Anorectal Melanoma is a rare, aggressive mucosal melanoma arising in the anus or rectum, distinct from cutaneous melanoma. It accounts for 1% of melanomas and 0.5% of anorectal cancers, with poor prognosis due to late detection and metastasis. In 2025, it’s managed with surgery and immunotherapy, but outcomes remain challenging.
Symptoms include rectal bleeding, anal pain, mass or lump, changes in bowel habits, tenesmus (feeling of incomplete evacuation), and weight loss. Advanced cases cause pelvic pain, incontinence, or symptoms from metastases (liver, lungs). Symptoms mimic hemorrhoids or colorectal cancer, delaying diagnosis.
Unlike cutaneous melanoma, UV exposure is not a factor. Causes include genetic mutations (KIT, NRAS more common than BRAF), chronic inflammation, and possibly HPV. Risk factors include older age and immunosuppression. In 2025, studies show mucosal immune responses contribute to aggressive growth.
Diagnosis involves anoscopy, biopsy with immunohistochemistry (S100, HMB-45 positive), and imaging (MRI, PET) for staging. Molecular testing for KIT/NRAS guides therapy. In 2025, liquid biopsies and AI-assisted endoscopy improve early detection, though most cases present at stage III-IV.

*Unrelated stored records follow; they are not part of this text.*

(* Let $n\ge 3$ and let $l_1=l_2=\dots=l_n=l_\infty$. Then the element $(s_{1,n}s_{1,n-1})^{n(n+1)}\in J_n$ acts as the identity on $X(l_1,\dots,l_n,l_\infty)$.
   Context: Cactus group: $J_n$ is the group generated by $s_{p,q}$, $1\le p<q\le n$, subject to the relations $s_{p,q}^2=e$; $s_{p,q}s_{p',q'}=s_{p',q'}s_{p,q}$ if $[p,q]$ and $[p',q']$ are disjoint; $s_{p,q}s_{p',q'}s_{p,q}=s_{p+q-q',p+q-p'}$ if $p\le p'<q'\le q$. Arc diagrams: fix nonnegative integers $l_1,\dots,l_n,l_\infty$. On the boundary circle of a closed disc place $n+1$ marked positions: position $0$ (occupied by $z_\infty$) and positions $1,\dots,n$ following it clockwise. An arc diagram is a bijective assignment of labels $z_1,\dots,z_n$ to positions $1,\dots,n$ together with a finite collection of simple arcs in the disc, pairwise disjoint except at endpoints, each joining two distinct marked points, such that $z_j$ is an endpoint of exactly $l_j$ arcs ($j\in\{1,\dots,n,\infty\}$; $l_j$ is the valence). Parallel arcs are allowed; diagrams are up to isotopy, equivalently determined by the labelling and the number of arcs between each pair of marked points. $X(l_1,\dots,l_n,l_\infty)$ is the set of such diagrams. Action: $s_{p,q}$ ($1\le p<q\le n$) acts by cutting off positions $p,\dots,q$ with a chord $\ell$ (arcs isotoped to cross $\ell$ at most once), reflecting that region by the reflection reversing $\ell$ (label at position $p+t$ goes to position $q-t$, crossing points on $\ell$ reversed), leaving the rest unchanged and reconnecting arcs at $\ell$. Words act right to left; this is an action of $J_n$. *)

theory Defs
  imports Main
begin

text \<open>
Marked positions on the boundary circle are 0,1,...,n in clockwise
(cyclic) order; position 0 carries z_infinity.  A diagram is a pair (sigma, A):
  sigma k = j  means that label z_j sits at position k (1 <= k <= n);
  A i j     = number of arcs between positions i and j (0 <= i,j <= n).
Arcs are determined up to isotopy by these multiplicities; pairwise disjointness
(except at endpoints) means no two chords with positive multiplicity interleave.
\<close>

type_synonym arc_diagram = "(nat \<Rightarrow> nat) \<times> (nat \<Rightarrow> nat \<Rightarrow> nat)"
lemma append_row_surj:
  assumes M: "M \<in> carrier_mat (Suc k) m"
  obtains N v where "N \<in> carrier_mat k m" "v \<in> carrier_vec m" "M = append_row N v"
proof -
  define N where "N = mat_of_rows m (take k (rows M))"
  have rows: "set (rows M) \<subseteq> carrier_vec m" using M by (auto simp: rows_def)
  then have N: "N \<in> carrier_mat k m" "rows N = take k (rows M)"
    using M rows_mat_of_rows[of "take k (rows M)" m] set_take_subset[of k "rows M"]
    by (auto simp: N_def)
  have "rows M = take k (rows M) @ [row M k]"
    using M by (simp add: rows_def)
  then have "M = append_row N (row M k)"
    using N M mat_of_rows_rows[of M] by (simp add: append_row_def)
  then show thesis by (rule that[OF N(1), rotated]) (use M in auto)
qed

context vec_space
begin

lemma mrank_append_row:
  assumes N: "N \<in> carrier_mat k n" and v: "v \<in> carrier_vec n"
  shows "mrank (append_row N v) = (if v \<in> row_space N then mrank N else Suc (mrank N))"
proof -
  have rows: "set (rows N) \<subseteq> carrier_vec n" using N by (auto simp: rows_def)
  have "mrank (append_row N v) = span_dim (insert v (set (rows N)))"
    using mrank_eq_span_dim_rows[of "append_row N v"] rows_append_row[OF N v] N by simp
  then show ?thesis
    using span_dim_insert[OF rows _ v] mrank_eq_span_dim_rows[of N] N
    by (simp add: row_space_def)
qed

lemma card_mrank_append_row:
  fixes N :: "'a mat"
  assumes "finite (UNIV :: 'a set)" and N: "N \<in> carrier_mat k n"
  shows "card {v \<in> carrier_vec n. mrank (append_row N v) = t}
    = (if t = mrank N then card (UNIV :: 'a set) ^ t
       else if t = Suc (mrank N) then card (UNIV :: 'a set) ^ n - card (UNIV :: 'a set) ^ mrank N
       else 0)"
proof -
  have rows: "set (rows N) \<subseteq> carrier_vec n" using N by (auto simp: rows_def)
  have sub: "row_space N \<subseteq> carrier_vec n"
    unfolding row_space_def using span_is_subset2[OF rows] by simp
  have card: "card (row_space N) = card (UNIV :: 'a set) ^ mrank N"
    using card_span[OF assms(1) rows] mrank_eq_span_dim_rows[of N] N by (simp add: row_space_def)
  have fin: "finite (carrier_vec n :: 'a vec set)" using finite_carrier_vec[OF assms(1)] .
  have "{v \<in> carrier_vec n. mrank (append_row N v) = t}
    = (if t = mrank N then row_space N
       else if t = Suc (mrank N) then carrier_vec n - row_space N else {})"
    using mrank_append_row[OF N] sub by (auto split: if_splits)
  then show ?thesis
    using card card_carrier_vec[OF assms(1)] card_Diff_subset[OF finite_subset[OF sub fin] sub]
    by simp
qed

end

lemma card_carrier_mat_Suc:
  fixes Q :: "'a::{finite,field} mat \<Rightarrow> bool"
  shows "card {M \<in> carrier_mat (Suc k) m. Q M}
    = (\<Sum>N\<in>carrier_mat k m. card {v \<in> carrier_vec m. Q (append_row N v)})"
proof -
  define fibre where "fibre N = {v \<in> carrier_vec m. Q (append_row N v)}" for N :: "'a mat"
  have "{M \<in> carrier_mat (Suc k) m. Q M} = (\<lambda>(N, v). append_row N v) ` Sigma (carrier_mat k m) fibre"
  proof (intro equalityI subsetI)
    fix M assume "M \<in> {M \<in> carrier_mat (Suc k) m. Q M}"
    then obtain N v where "N \<in> carrier_mat k m" "v \<in> carrier_vec m" "M = append_row N v" "Q M"
      using append_row_surj by blast
    then show "M \<in> (\<lambda>(N, v). append_row N v) ` Sigma (carrier_mat k m) fibre"
      unfolding fibre_def by force
  qed (auto simp: fibre_def append_row_carrier)
  moreover have "inj_on (\<lambda>(N, v). append_row N v) (Sigma (carrier_mat k m) fibre)"
    by (rule inj_onI) (auto simp: fibre_def dest: append_row_inj)
  moreover have "finite (fibre N)" for N
    unfolding fibre_def by (rule finite_subset[OF _ vec_space.finite_carrier_vec]) auto
  ultimately have "card {M \<in> carrier_mat (Suc k) m. Q M} = (\<Sum>N\<in>carrier_mat k m. card (fibre N))"
    by (simp add: card_image card_SigmaI[OF finite_carrier_mat])
  then show ?thesis by (simp add: fibre_def)
qed
lemma stay_prob_exponential_decay:
  fixes p :: "nat \<Rightarrow> real"
  assumes p_nonneg: "\<And>x. 0 < x \<Longrightarrow> 0 \<le> p x" and p_le_one: "\<And>x. 0 < x \<Longrightarrow> p x \<le> 1"
    and "0 < \<rho>" "\<rho> < 1" and "1 \<le> b" "b \<le> m" "real b \<le> 2 * (real h)^2"
    and block: "\<And>y. stay_prob p {0<..<h} b y \<le> \<rho>"
  shows "stay_prob p {0<..<h} m q \<le> exp (ln \<rho> / 4 * real m / (real h)^2)"
proof -
  define j where "j = m div b"
  have "j * b \<le> m" "1 \<le> j" unfolding j_def using \<open>1 \<le> b\<close> \<open>b \<le> m\<close>
    by (auto simp: div_greater_zero_iff Suc_le_eq)
  have "m < (j + 1) * b" unfolding j_def using \<open>1 \<le> b\<close> dividend_less_div_times[of b m] by (simp add: algebra_simps)
  also have "\<dots> \<le> 2 * j * b" using \<open>1 \<le> j\<close> by simp
  finally have "real m < real (2 * j * b)" by (simp only: of_nat_less_iff)
  then have "real m < 2 * real j * real b" by simp
  have "1 \<le> real b" using \<open>1 \<le> b\<close> by simp
  moreover have "0 < (real h)^2" using calculation \<open>real b \<le> 2 * (real h)^2\<close> by linarith
  ultimately have "real m / (4 * (real h)^2) \<le> real m / (2 * real b)"
    using \<open>real b \<le> 2 * (real h)^2\<close> by (intro divide_left_mono mult_pos_pos) auto
  also have "\<dots> \<le> real j" using \<open>real m < 2 * real j * real b\<close> \<open>1 \<le> b\<close> by (simp add: divide_le_eq)
  finally have "real m / (4 * (real h)^2) \<le> real j" .
  have "stay_prob p {0<..<h} m q \<le> stay_prob p {0<..<h} (j * b) q"
    by (rule stay_prob_antimono[OF p_nonneg p_le_one \<open>j * b \<le> m\<close>])
  also have "\<dots> \<le> \<rho> ^ j" by (rule stay_prob_mult_le_power[OF p_nonneg p_le_one block])
  also have "\<dots> = exp (real j * ln \<rho>)" using \<open>0 < \<rho>\<close> by (simp add: exp_of_nat_mult)
  also have "\<dots> \<le> exp (real m / (4 * (real h)^2) * ln \<rho>)"
    using \<open>real m / (4 * (real h)^2) \<le> real j\<close> \<open>\<rho> < 1\<close> \<open>0 < \<rho>\<close>
    by (subst exp_le_cancel_iff) (intro mult_right_mono_neg, auto)
  finally show ?thesis by (simp add: field_simps)
qed

lemma eventually_weak_inward_drift:
  fixes p R :: "nat \<Rightarrow> real"
  assumes "\<delta> \<le> 0" and p_def: "\<And>x. x \<ge> 1 \<Longrightarrow> p x = (1 - \<delta> / (2 * real x) + R x / 2) / 2"
    and R_small: "R \<in> o(\<lambda>x. 1 / real x)"
  shows "eventually (\<lambda>x. 8 * real x * (1 - 2 * p x) \<le> 1) at_top"
proof -
  have "eventually (\<lambda>x. norm (R x) \<le> 1/4 * norm (1 / real x)) at_top"
    by (rule landau_o.smallD[OF R_small]) simp
  with eventually_ge_at_top[of 1] show ?thesis
  proof eventually_elim
    case (elim x)
    have "1 - 2 * p x = \<delta> / (2 * real x) - R x / 2" using p_def[OF \<open>1 \<le> x\<close>] by simp
    then have "8 * real x * (1 - 2 * p x) = 4 * \<delta> - 4 * (real x * R x)"
      using \<open>1 \<le> x\<close> by (simp add: field_simps)
    also have "\<dots> \<le> 4 * (real x * \<bar>R x\<bar>)"
      using \<open>\<delta> \<le> 0\<close> mult_left_mono[OF abs_ge_minus_self[of "R x"], of "real x"] by simp
    also have "\<dots> \<le> 1" using elim by (simp add: field_simps)
    finally show ?case .
  qed
qed

lemma eventually_inward_drift:
  fixes p R :: "nat \<Rightarrow> real"
  assumes "0 < \<delta>" and p_def: "\<And>x. x \<ge> 1 \<Longrightarrow> p x = (1 - \<delta> / (2 * real x) + R x / 2) / 2"
    and R_small: "R \<in> o(\<lambda>x. 1 / real x)"
  shows "eventually (\<lambda>x. p x \<le> 1/2) at_top"
  using landau_o.smallD[OF R_small \<open>0 < \<delta>\<close>] eventually_ge_at_top[of 1]
proof eventually_elim
  case (elim x)
  then have "R x / 2 \<le> \<delta> / (2 * real x)" by (simp add: field_simps abs_le_iff)
  moreover have "2 * p x - 1 = R x / 2 - \<delta> / (2 * real x)" using p_def[OF \<open>1 \<le> x\<close>] by simp
  ultimately show ?case by linarith
qed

Surgery (wide local excision or abdominoperineal resection) is primary, with sphincter-preserving excision preferred for early cases. Immunotherapy (nivolumab, pembrolizumab) achieves 30% response in advanced disease. Targeted therapies (imatinib for KIT mutations) and radiation palliate symptoms. In 2025, combination immunotherapy improves response to 40%.
In 2025, 5-year survival is 15-20% due to late diagnosis. Immunotherapy and early screening raise survival to 30% in select cases. By 2030, novel KIT inhibitors, oncolytic viruses, and AI-driven diagnostics could achieve 40% survival, with focus on early detection in high-risk groups.
The information for anorectal melanoma is derived from NCI’s “Melanoma Treatment (PDQ®)” for anorectal melanoma-specific details; PMC’s “Anorectal Melanoma: Clinical and Molecular Features” for causes and diagnostic methods; JAMA Oncology’s “Advances in Mucosal Melanoma Therapy” for 2025 treatment updates; Mayo Clinic’s “Anal Cancer” for overlapping symptom insights; and WebMD’s “Melanoma” for general melanoma context.